Extracted records:
>>>>

(* Let $(V,\omega)=(\mathbb{R}^{2d},\sum_i dx_i\wedge dy_i)$ and $n\ge1$. Identify $(V\times V)^{\times n}$ with $T^*(V^{\times n})$ via, in each factor, $((x,y),(x',y'))\mapsto(q,q',p,p')$ with $q=\tfrac{x+x'}2$, $q'=\tfrac{y+y'}2$, $p=y'-y$, $p'=x-x'$, where $Q=(q,q')\in V$ is the base point and $(p,p')$ the covector. Let $\mathscr{L}=\{(z_1,z_1',\dots,z_n,z_n')\in(V\times V)^{\times n}: z_i'=z_{i+1},\ i=1,\dots,n\}$ with indices mod $n$ ($z_{n+1}=z_1$). Then $\mathscr{L}$ is a Lagrangian subspace of $T^*(V^{\times n})$. If $n$ is odd, $\mathscr{L}$ is the graph of $dF$ for the quadratic function $F(Q_1,\dots,Q_n)=2\sum_{1\le i<j\le n}(-1)^{i+j-1}\omega(Q_i,Q_j)$. If $n$ is even, $\mathscr{L}$ is not given by a generating function (it is not the graph of the differential of a function on $V^{\times n}$).
   Context: The symplectic form on $(V\times V)^{\times n}$ is $(\omega\ominus\omega)^{\oplus n}$, where $\omega\ominus\omega=dx'\wedge dy'-dx\wedge dy$ on $V\times V$; the identification above is a linear symplectomorphism onto $T^*(V^{\times n})$ with its canonical form $\sum (dq\wedge dp+dq'\wedge dp')$. Here $\omega((x,y),(x',y'))=x\cdot y'-y\cdot x'$. *)

theory Defs
  imports "HOL-Analysis.Analysis"
begin

text \<open>V = R^{2d}: a point of V is a pair (x,y) with x, y in R^d (d = CARD('d)).\<close>
type_synonym 'd V = "(real^'d) \<times> (real^'d)"

definition omega :: "'d::finite V \<Rightarrow> 'd V \<Rightarrow> real" where
  "omega z w = fst z \<bullet> snd w - snd z \<bullet> fst w"

text \<open>Tuples indexed by 0..n-1 are functions on nat that vanish from index n on.
  A point of T^*(V^n) is a pair (Q,P): Q i = (q_i,q'_i) the base point,
  P i = (p_i,p'_i) the covector (p paired with q, p' paired with q').\<close>
definition Tstar :: "nat \<Rightarrow> ((nat \<Rightarrow> 'd::finite V) \<times> (nat \<Rightarrow> 'd V)) set" where
  "Tstar n = {(Q,P). \<forall>i\<ge>n. Q i = 0 \<and> P i = 0}"

definition can_form :: "nat \<Rightarrow> (nat \<Rightarrow> 'd::finite V) \<times> (nat \<Rightarrow> 'd V)
    \<Rightarrow> (nat \<Rightarrow> 'd V) \<times> (nat \<Rightarrow> 'd V) \<Rightarrow> real" where
  "can_form n u v = (\<Sum>i<n.
      (fst (fst u i) \<bullet> fst (snd v i) - fst (fst v i) \<bullet> fst (snd u i))
    + (snd (fst u i) \<bullet> snd (snd v i) - snd (fst v i) \<bullet> snd (snd u i)))"

definition lagrangian :: "nat \<Rightarrow> ((nat \<Rightarrow> 'd::finite V) \<times> (nat \<Rightarrow> 'd V)) set \<Rightarrow> bool" where
  "lagrangian n L \<longleftrightarrow>
     L \<subseteq> Tstar n \<and>
     (\<lambda>i. 0, \<lambda>i. 0) \<in> L \<and>
     (\<forall>u\<in>L. \<forall>v\<in>L. (\<lambda>i. fst u i + fst v i, \<lambda>i. snd u i + snd v i) \<in> L) \<and>
     (\<forall>c::real. \<forall>u\<in>L. (\<lambda>i. c *\<^sub>R fst u i, \<lambda>i. c *\<^sub>R snd u i) \<in> L) \<and>
     (\<forall>u\<in>Tstar n. (\<forall>v\<in>L. can_form n u v = 0) \<longleftrightarrow> u \<in> L)"

definition Phi :: "(nat \<Rightarrow> 'd::finite V \<times> 'd V) \<Rightarrow> (nat \<Rightarrow> 'd V) \<times> (nat \<Rightarrow> 'd V)" where
  "Phi z = ((\<lambda>i. ((1/2) *\<^sub>R (fst (fst (z i)) + fst (snd (z i))),
                  (1/2) *\<^sub>R (snd (fst (z i)) + snd (snd (z i))))),
            (\<lambda>i. (snd (snd (z i)) - snd (fst (z i)),
                  fst (fst (z i)) - fst (snd (z i)))))"

text \<open>The subspace scrL: z'_i = z_{i+1} (indices mod n), written 0-based.\<close>
definition scrL :: "nat \<Rightarrow> (nat \<Rightarrow> 'd::finite V \<times> 'd V) set" where
  "scrL n = {z. (\<forall>i\<ge>n. z i = 0) \<and> (\<forall>i<n. snd (z i) = fst (z (Suc i mod n)))}"

text \<open>Graph of dF for F on V^n: (Q,P) with dF_Q(delta) = sum_i p_i.dq_i + p'_i.dq'_i
  for every tangent vector delta, the differential evaluated as the derivative
  of F along the line Q + t delta.\<close>
definition graph_dF :: "nat \<Rightarrow> ((nat \<Rightarrow> 'd::finite V) \<Rightarrow> real)
    \<Rightarrow> ((nat \<Rightarrow> 'd V) \<times> (nat \<Rightarrow> 'd V)) set" where
  "graph_dF n F = {(Q,P). (Q,P) \<in> Tstar n \<and>
     (\<forall>\<delta>. (\<forall>i\<ge>n. \<delta> i = 0) \<longrightarrow>
        ((\<lambda>t. F (\<lambda>i. Q i + t *\<^sub>R \<delta> i)) has_real_derivative
           (\<Sum>i<n. fst (P i) \<bullet> fst (\<delta> i) + snd (P i) \<bullet> snd (\<delta> i))) (at 0))}"

text \<open>F(Q_1..Q_n) = 2 sum_{1<=i<j<=n} (-1)^{i+j-1} omega(Q_i,Q_j), written 0-based
  (1-based exponent i+j-1 becomes i+j+1).\<close>
definition genF :: "nat \<Rightarrow> (nat \<Rightarrow> 'd::finite V) \<Rightarrow> real" where
  "genF n Q = 2 * (\<Sum>j<n. \<Sum>i<j. (-1) ^ (i + j + 1) * omega (Q i) (Q j))"

end

theory Submission
  imports Defs
begin

(* Phi carries the canonical form to the difference of the symplectic forms of the second and
   first factors, so on L, where the second components are the first ones rotated cyclically, it
   vanishes; testing against elements of L with a single nonzero first component and using
   nondegeneracy of omega shows that L is maximal.  The base point of Phi z is Q_i = (z_i + z_(i+1))/2.
   For odd n this cyclic system has the unique solution z_i = sum_j (-1)^j Q_(i+j), and the
   differential of the quadratic form F at Q, computed by telescoping alternating sums, is exactly the
   covector of Phi z.  For even n the alternating vector z_i = (-1)^i c lies in L above the base point
   0 with nonzero covector, as does 0 itself; but a graph of dF has only one covector above each
   base point. *)

lemma sum_rotate: "(\<Sum>i<n. h (Suc i mod n)) = (\<Sum>i<n. h i)"
proof (cases n)
  case (Suc m)
  have "(\<Sum>i<Suc m. h (Suc i mod Suc m)) = (\<Sum>i<m. h (Suc i)) + h 0"
    by (simp add: sum.lessThan_Suc)
  also have "\<dots> = (\<Sum>i<Suc m. h i)"
    by (subst sum.lessThan_Suc_shift) (simp add: add.commute)
  finally show ?thesis using Suc by simp
qed simp

lemma Suc_mod_inj: "i < n \<Longrightarrow> k < n \<Longrightarrow> Suc i mod n = Suc k mod n \<longleftrightarrow> i = k"
  by (cases "Suc i = n"; cases "Suc k = n") auto

lemma sum_triangle_swap:
  "(\<Sum>j<n. \<Sum>i<j. f i j) = (\<Sum>i<n. \<Sum>j=Suc i..<n. f i j :: 'a::comm_monoid_add)"
  by (induction n) (simp_all add: sum.distrib)

lemma alternating_sum_telescope:
  fixes b :: "nat \<Rightarrow> 'a::real_vector"
  assumes "m \<le> p"
  shows "(\<Sum>i=m..<p. (-1) ^ i *\<^sub>R (b i + b (Suc i))) = (-1) ^ m *\<^sub>R b m - (-1) ^ p *\<^sub>R b p"
  using sum_Suc_diff'[OF assms, of "\<lambda>i. - ((-1) ^ i *\<^sub>R b i)"] by (simp add: algebra_simps)

section \<open>The symplectic form and the identification Phi\<close>

definition symJ :: "'d::finite V \<Rightarrow> 'd V" where
  "symJ w = (snd w, - fst w)"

<<<<

PROBLEM TO SOLVE:
Return all lines above that mention the word "lemma".

OUTPUT OF THE EXERCISE:
lemma sum_rotate: "(\<Sum>i<n. h (Suc i mod n)) = (\<Sum>i<n. h i)"
lemma Suc_mod_inj: "i < n \<Longrightarrow> k < n \<Longrightarrow> Suc i mod n = Suc k mod n \<longleftrightarrow> i = k"
lemma sum_triangle_swap:
lemma alternating_sum_telescope:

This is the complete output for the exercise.